Regardless of your reason for purchasing life insurance, it is always wise to reevaluate your needs on an annual basis or after significant life events, such as marriage, divorce, or the birth or adoption of a child. Depending on your goals, you may want to increase your death benefit, add or remove beneficiaries, or change the amount of premium payments.
Premiums
Premiums are the amount of money the policyholder pays to keep life insurance coverage in force. A portion of the premium goes toward the cost of the death benefit, while the rest helps pay the insurer’s operating expenses and investments. In some cases, premiums are based on the actuarial prediction of the insured’s life expectancy, which takes into account risk factors such as age, gender, medical history, occupation, and lifestyle choices (e.g., smoking, high-risk hobbies).
Generally, the larger the death benefit and the higher the coverage amount, the higher the premium. In addition, the type of policy you select plays a role in determining your premium. For example, term policies tend to have lower premiums than permanent policies because the underlying assumption is that you’ll outlive the term period and not need a payout.
As you shop for a life insurance policy, consider your personal and professional circumstances, as well as how you want to use the policy’s proceeds. For instance, if you have children who will need financial support after your passing, you may wish to secure a larger death benefit and correspondingly higher premium.
Also consider your health, which will impact the likelihood of you living longer and thus increase your rates, as well as your lifestyle, as a dangerous job or extreme hobbies will likely inflate your rates in the eyes of insurance companies. Finally, opting for annual payments can often save on processing fees and may help reduce your premium costs. With some policies, you can even use accumulated cash value to cover your premium, avoiding out-of-pocket payments.
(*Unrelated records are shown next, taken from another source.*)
lemma unitarily_invariant_three_terms:
  fixes K :: "'n::finite tensor4" and r s :: 'n
  assumes inv: "unitarily_invariant K" and "r \<noteq> s"
  defines "A \<equiv> K r r s s" and "B \<equiv> K r s s r" and "E \<equiv> K r r r r - K r r s s - K r s s r"
  shows "K = (\<lambda>i j p q. A * (kron i j * kron p q) + B * (kron i q * kron p j)
                       + E * (kron i j * kron j p * kron p q))"
proof (intro ext)
  fix i j p q
  have KA: "K x x y y = A" and KB: "K x y y x = B" if xy: "x \<noteq> y" for x y
  proof -
    obtain \<sigma> where "inj \<sigma>" "\<sigma> x = r" "\<sigma> y = s"
      by (rule inj_map_two_points[OF xy \<open>r \<noteq> s\<close>])
    then show "K x x y y = A" "K x y y x = B"
      using unitarily_invariant_perm[OF inv \<open>inj \<sigma>\<close>, of x x y y]
        unitarily_invariant_perm[OF inv \<open>inj \<sigma>\<close>, of x y y x]
      unfolding A_def B_def by simp_all
  qed
  have KD: "K x x x x = A + B + E" for x
  proof (cases "x = r")
    case False
    obtain \<sigma> where "inj \<sigma>" "\<sigma> x = r" "\<sigma> r = s"
      by (rule inj_map_two_points[OF False \<open>r \<noteq> s\<close>])
    then show ?thesis
      using unitarily_invariant_perm[OF inv \<open>inj \<sigma>\<close>, of x x x x] by (simp add: A_def B_def E_def)
  qed (simp add: A_def B_def E_def)
  show "K i j p q = A * (kron i j * kron p q) + B * (kron i q * kron p j)
                    + E * (kron i j * kron j p * kron p q)"
  proof (cases "(i = j \<and> p = q) \<or> (i = q \<and> j = p)")
    case True
    then consider "i = j" "j = p" "p = q" | "i = j" "p = q" "i \<noteq> p" | "i = q" "j = p" "i \<noteq> p"
      by blast
    then show ?thesis
      by cases (simp_all add: KA KB KD kron_def)
  next
    case False
    then have "K i j p q = 0" using unitarily_invariant_support[OF inv] by blast
    with False show ?thesis by (auto simp: kron_def)
  qed
qed

definition householder :: "('n::finite \<Rightarrow> complex) \<Rightarrow> complex^'n^'n" where
  "householder w = (\<chi> i j. kron i j - 2 / (\<Sum>k\<in>UNIV. w k * cnj (w k)) * w i * cnj (w j))"

lemma householder_unitary:
  fixes w :: "'n::finite \<Rightarrow> complex"
  defines "N \<equiv> \<Sum>k\<in>UNIV. w k * cnj (w k)"
  assumes "N \<noteq> 0"
  shows "householder w \<in> unitaries"
proof -
  define c where "c = 2 / N"
  have "cnj N = N" unfolding N_def by (simp add: cnj_sum mult.commute)
  then have cnj_c: "cnj c = c" by (simp add: c_def)
  have cN: "c * N = 2" using assms(2) by (simp add: c_def)
  have "(\<Sum>j\<in>UNIV. (kron i j - c * w i * cnj (w j)) * cnj (kron k j - c * w k * cnj (w j))) = kron i k"
    for i k
  proof -
    have "(\<Sum>j\<in>UNIV. (kron i j - c * w i * cnj (w j)) * cnj (kron k j - c * w k * cnj (w j)))
        = (\<Sum>j\<in>UNIV. kron i j * kron k j - c * cnj (w k) * (kron i j * w j)
                        - c * w i * (cnj (w j) * kron k j) + c * c * w i * cnj (w k) * (w j * cnj (w j)))"
      by (rule sum.cong) (simp_all add: cnj_c algebra_simps)
    also have "\<dots> = kron k i - c * cnj (w k) * w i - c * w i * cnj (w k) + c * c * w i * cnj (w k) * N"
      by (simp only: sum.distrib sum_subtractf sum_distrib_left[symmetric] sum_kron_left sum_kron_right
                     N_def)
    also have "\<dots> = kron i k + (c * N - 2) * c * w i * cnj (w k)"
      by (simp add: algebra_simps kron_commute[of k])
    finally show ?thesis by (simp add: cN)
  qed
  then show ?thesis
    unfolding unitaries_def householder_def cadj_def matrix_matrix_mult_def
    by (simp add: vec_eq_iff mat_def kron_def c_def N_def)
qed

lemma sum_sq_kron_plus_double_kron:
  fixes r s :: "'n::finite"
  assumes "r \<noteq> s"
  shows "(\<Sum>k\<in>UNIV. (kron r k + 2 * kron s k) * cnj (kron r k + 2 * kron s k)) = 5"
proof -
  have "(\<Sum>k\<in>UNIV. (kron r k + 2 * kron s k) * cnj (kron r k + 2 * kron s k))
      = (\<Sum>k\<in>UNIV. kron r k + 4 * kron s k)"
    using assms by (intro sum.cong) (auto simp: kron_def)
  then show ?thesis by (simp add: sum.distrib flip: sum_distrib_left)
qed

lemma householder_row_fourth_moment:
  fixes r s :: "'n::finite"
  assumes "r \<noteq> s"
  defines "H \<equiv> householder (\<lambda>x. kron r x + 2 * kron s x)"
  shows "(\<Sum>a\<in>UNIV. H$r$a * cnj (H$r$a) * H$r$a * cnj (H$r$a)) = 337 / 625"
proof -
  have "H$r$a * cnj (H$r$a) * H$r$a * cnj (H$r$a) = 81/625 * kron r a + 256/625 * kron s a" for a
    using assms(1) unfolding H_def householder_def sum_sq_kron_plus_double_kron[OF assms(1)]
    by (auto simp: kron_def)
  then show ?thesis by (simp only: sum.distrib sum_kron_right) simp
qed

lemma unitarily_invariant_form:
  fixes K :: "'n::finite tensor4"
  assumes "CARD('n) \<ge> 2" and inv: "unitarily_invariant K"
  obtains A B where "K = (\<lambda>i j p q. A * (kron i j * kron p q) + B * (kron i q * kron p j))"
proof -
  have "\<not> CARD('n) \<le> Suc 0" using assms(1) by simp
  then obtain r s :: 'n where "r \<noteq> s"
    unfolding card_le_Suc0_iff_eq[OF finite] by blast
  define A B E where "A = K r r s s" and "B = K r s s r" and "E = K r r r r - K r r s s - K r s s r"
  define H where "H = householder (\<lambda>x::'n. kron r x + 2 * kron s x)"
  have form: "K = (\<lambda>i j p q. A * (kron i j * kron p q) + B * (kron i q * kron p j)
                           + E * (kron i j * kron j p * kron p q))"
    unfolding A_def B_def E_def by (rule unitarily_invariant_three_terms[OF inv \<open>r \<noteq> s\<close>])
  have H: "H \<in> unitaries"
    unfolding H_def by (rule householder_unitary) (use sum_sq_kron_plus_double_kron[OF \<open>r \<noteq> s\<close>] in simp)
  have act_K: "tensor_act H K = (\<lambda>i j p q. A * (kron i j * kron p q) + B * (kron i q * kron p j)
          + E * tensor_act H (\<lambda>i j p q. kron i j * kron j p * kron p q) i j p q)"
    by (subst form) (simp only: tensor_act_add tensor_act_scale tensor_act_kron_kron[OF H]
                       tensor_act_kron_kron_crossed[OF H])
  \<comment> \<open>\<open>H\<close> is not monomial: the fourth moment of its row \<open>r\<close> is \<open>337/625 \<noteq> 1\<close>\<close>
  have "K r r r r = tensor_act H K r r r r"
    using inv H by (simp add: unitarily_invariant_def)
  also have "\<dots> = A + B + E * (337 / 625)"
    unfolding act_K tensor_act_kron_diagonal
    by (simp add: householder_row_fourth_moment[OF \<open>r \<noteq> s\<close>, folded H_def])
  finally have "A + B + E = A + B + E * (337 / 625)"
    by (simp add: A_def B_def E_def)
  then have "E = 0"
    by simp
  then show ?thesis
    using form that by auto
qed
If you do this, however, it’s important to know that any outstanding loan balance will be taxable.
Riders
A life insurance rider (also called an endorsement) allows you to customize your life insurance policy and add coverage that isn’t available with the base policy. While some riders are available at no cost, others can be quite expensive. In addition, it’s important to understand that adding a rider usually means going through the life insurance underwriting process again, and that could mean another medical exam.
Some riders are specific to particular circumstances, such as an accidental death or waiver of premium rider. In addition, there are long-term care riders that provide a source of funds to help pay for home health aides or nursing home expenses. There are also riders that cover children and provide a cash benefit to the family in the event of a child’s death.
One of the most common and valuable riders is a return-of-premium rider. This option allows you to recoup the extra premiums you paid for a temporary period, such as when you converted from term to permanent life insurance at the end of your level term period. However, this rider typically comes at a substantial price, often more than tripling your original premium.
It’s important to talk with a financial professional who can walk you through the various riders and advise whether they make sense for your unique lifestyle and goals. It’s also important to remember that the best time to purchase a life insurance rider is when you initially buy your life insurance policy. Adding a rider later may require new underwriting and a medical exam, which can be costly. It’s also worth noting that some riders, such as an accelerated death benefit, are only available if the person is diagnosed with a terminal illness and can’t expect to live much longer.